Ma c’è stato anche qualcuno capace di indifferenza, come se quel bambinone sovrappeso del palazzo accanto stesse di nuovo giocando con i petardi. Mia Abe ha raccontato che dove si trovava lei nell’Hokkaido la reazione è stata flemmatica: «Lo choc maggiore per me è dato vedere che nessuno era turbato dal missile. Si sono fatti una risata come si trattasse della solita pagliacciata».

Ma il primo ministro Shinzo Abe non ha riso proprio per niente nell’annunciare che s’è trattato di un gesto inaccettabile: «Una minaccia senza precedenti, grave e seria e che mina in modo significativo la pace e la sicurezza nella regione». È furente, ma si controlla. Anche perché qualcosa di utile può saltar fuori, per lui.

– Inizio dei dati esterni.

lemma invariant_measure_funpow:
  assumes "invariant_measure \<mu> f"
  shows "invariant_measure \<mu> (f ^^ n)"
proof (induction n)
  case 0
  show ?case
    by (auto simp: invariant_measure_def Int_absorb2 sets.sets_into_space)
next
  case (Suc n)
  have f_meas: "f \<in> measurable \<mu> \<mu>"
    using assms by (simp add: invariant_measure_def)
  have fn_meas: "(f ^^ n) \<in> measurable \<mu> \<mu>"
    using Suc.IH by (simp add: invariant_measure_def)
  have "emeasure \<mu> ((f ^^ Suc n) -` A \<inter> space \<mu>) = emeasure \<mu> A" if A: "A \<in> sets \<mu>" for A
  proof -
    define B where "B = (f ^^ n) -` A \<inter> space \<mu>"
    have B_sets: "B \<in> sets \<mu>"
      unfolding B_def using measurable_sets[OF fn_meas A] .
    have "(f ^^ Suc n) -` A \<inter> space \<mu> = f -` B \<inter> space \<mu>"
      using measurable_space[OF f_meas] by (auto simp: B_def funpow_swap1)
    then have "emeasure \<mu> ((f ^^ Suc n) -` A \<inter> space \<mu>) = emeasure \<mu> B"
      using assms B_sets by (simp add: invariant_measure_def)
    also have "\<dots> = emeasure \<mu> A"
      using Suc.IH A by (simp add: invariant_measure_def B_def)
    finally show ?thesis .
  qed
  moreover have "(f ^^ Suc n) \<in> measurable \<mu> \<mu>"
    by (rule measurable_compose_n[OF f_meas])
  ultimately show ?case
    unfolding invariant_measure_def by blast
qed

lemma invariant_measure_preimage:
  assumes "finite_measure \<mu>" "invariant_measure \<mu> f" "A \<in> sets \<mu>"
  shows "measure \<mu> (f -` A \<inter> space \<mu>) = measure \<mu> A"
  using assms by (simp add: invariant_measure_def measure_def)

lemma invariant_measure_atom_iterate:
  fixes \<mu> :: "'a::t1_space measure"
  assumes "finite_measure \<mu>" "sets \<mu> = sets (restrict_space borel M)"
    and "invariant_measure \<mu> f" "inj_on f M" "f ` M \<subseteq> M" "w \<in> M"
  shows "measure \<mu> {(f ^^ k) w} = measure \<mu> {w}"
proof (induction k)
  case (Suc k)
  have space: "space \<mu> = M"
    by (rule restricted_borel_space[OF assms(2)])
  have v_in: "(f ^^ k) w \<in> M"
    using funpow_in_invariant_set[OF assms(5,6)] .
  have "f -` {f ((f ^^ k) w)} \<inter> space \<mu> = {(f ^^ k) w}"
    using assms(4) v_in by (auto simp: space inj_on_def)
  moreover have "{f ((f ^^ k) w)} \<in> sets \<mu>"
    using assms(5) v_in by (intro restricted_borel_closed[OF assms(2)]) auto
  ultimately show ?case
    using invariant_measure_preimage[OF assms(1,3)] Suc.IH by fastforce
qed simp

section \<open>Concentration of mass and atoms\<close>

lemma mass_concentrates_along_orbit:
  fixes \<mu> :: "'a::metric_space measure"
  assumes "finite_measure \<mu>" "sets \<mu> = sets (restrict_space borel M)"
    and "\<And>n. invariant_measure \<mu> (T n)"
    and "A \<in> sets \<mu>" "\<And>y. y \<in> A \<Longrightarrow> (\<lambda>n. dist (T n x0) (T n y)) \<longlonglongrightarrow> 0"
    and "e > 0" "t < measure \<mu> A"
  shows "eventually (\<lambda>n. t < measure \<mu> (cball (T n x0) e \<inter> M)) sequentially"
proof -
  interpret finite_measure \<mu> by fact
  have space: "space \<mu> = M"
    by (rule restricted_borel_space[OF assms(2)])
  have ball_sets: "cball x e \<inter> M \<in> sets \<mu>" for x
    by (rule restricted_borel_Int[OF assms(2)]) simp
  define Ball_pre where "Ball_pre n = T n -` (cball (T n x0) e \<inter> M) \<inter> M" for n
  have Ball_pre_sets: "Ball_pre n \<in> sets \<mu>" for n
  proof -
    have "T n \<in> measurable \<mu> \<mu>"
      using assms(3) by (simp add: invariant_measure_def)
    from measurable_sets[OF this ball_sets] show ?thesis
      by (simp add: Ball_pre_def space)
  qed
  define Close where "Close N = A \<inter> (\<Inter>n\<in>{N..}. Ball_pre n)" for N
  have Close_sets: "range Close \<subseteq> sets \<mu>"
    using assms(4) Ball_pre_sets by (auto simp: Close_def intro!: sets.countable_INT')
  have "incseq Close"
    by (auto simp: incseq_def Close_def)
  moreover have "(\<Union>N. Close N) = A"
  proof (intro equalityI subsetI)
    fix y assume y: "y \<in> A"
    then have "y \<in> M"
      using sets.sets_into_space[OF assms(4)] space by auto
    obtain N where "\<forall>n\<ge>N. dist (T n x0) (T n y) < e"
      using LIMSEQ_D[OF assms(5)[OF y] assms(6)] by auto
    then have "y \<in> Close N"
      using y \<open>y \<in> M\<close> space assms(3) measurable_space[of "T _" \<mu> \<mu>]
      by (fastforce simp: Close_def Ball_pre_def invariant_measure_def)
    then show "y \<in> (\<Union>N. Close N)" by blast
  qed (auto simp: Close_def)
  ultimately have "(\<lambda>N. measure \<mu> (Close N)) \<longlonglongrightarrow> measure \<mu> A"
    using finite_Lim_measure_incseq[OF Close_sets] by simp
  then obtain N where N: "t < measure \<mu> (Close N)"
    using assms(7) by (metis eventually_sequentially order_tendstoD(1) order_refl)
  have "t < measure \<mu> (cball (T n x0) e \<inter> M)" if "n \<ge> N" for n
  proof -
    have "measure \<mu> (Close N) \<le> measure \<mu> (Ball_pre n)"
      using that by (intro finite_measure_mono Ball_pre_sets) (auto simp: Close_def)
    also have "\<dots> = measure \<mu> (cball (T n x0) e \<inter> M)"
      using invariant_measure_preimage[OF assms(1,3) ball_sets] by (simp add: Ball_pre_def space)
    finally show ?thesis using N by simp
  qed
  then show ?thesis
    by (auto simp: eventually_sequentially)
qed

Già nel 2009, 2012 e nel 2016 ci sono stati lanci e allarmi simili. Ma questa volta non è arrivato alcun avviso dalla Corea del Nord. E il missile deflagra nel mezzo di una strategia di tensione regionale e internazionale davvero intensa.

In realtà, c’è chi dice che sia un regalo per Abe che sta cercando di ricostruire la fiducia degli elettori nella sua leadership, dopo scandali e le difficoltà della sua politica economica, l’Abenomics. È da tempo che il primo ministro spinge per avere più potenziale di attacco, per poter colpire direttamente le basi in Nord Corea, non solo schierare la contraerea e le batterie anti-missile. Ma fino a ieri si sperava, e si doveva sperare, nella diplomazia e nei negoziati.

Ora Abe deve dimostrare al Giappone che le cose cambieranno. E che l’imprevedibile presidente Trump non farà scherzi o sorprese. Dev’esserci la spalla americana a sostenere la sicurezza giapponese, se no Abe rischia davvero di perdere troppi consensi. Perché ora il gioco si fa più serio.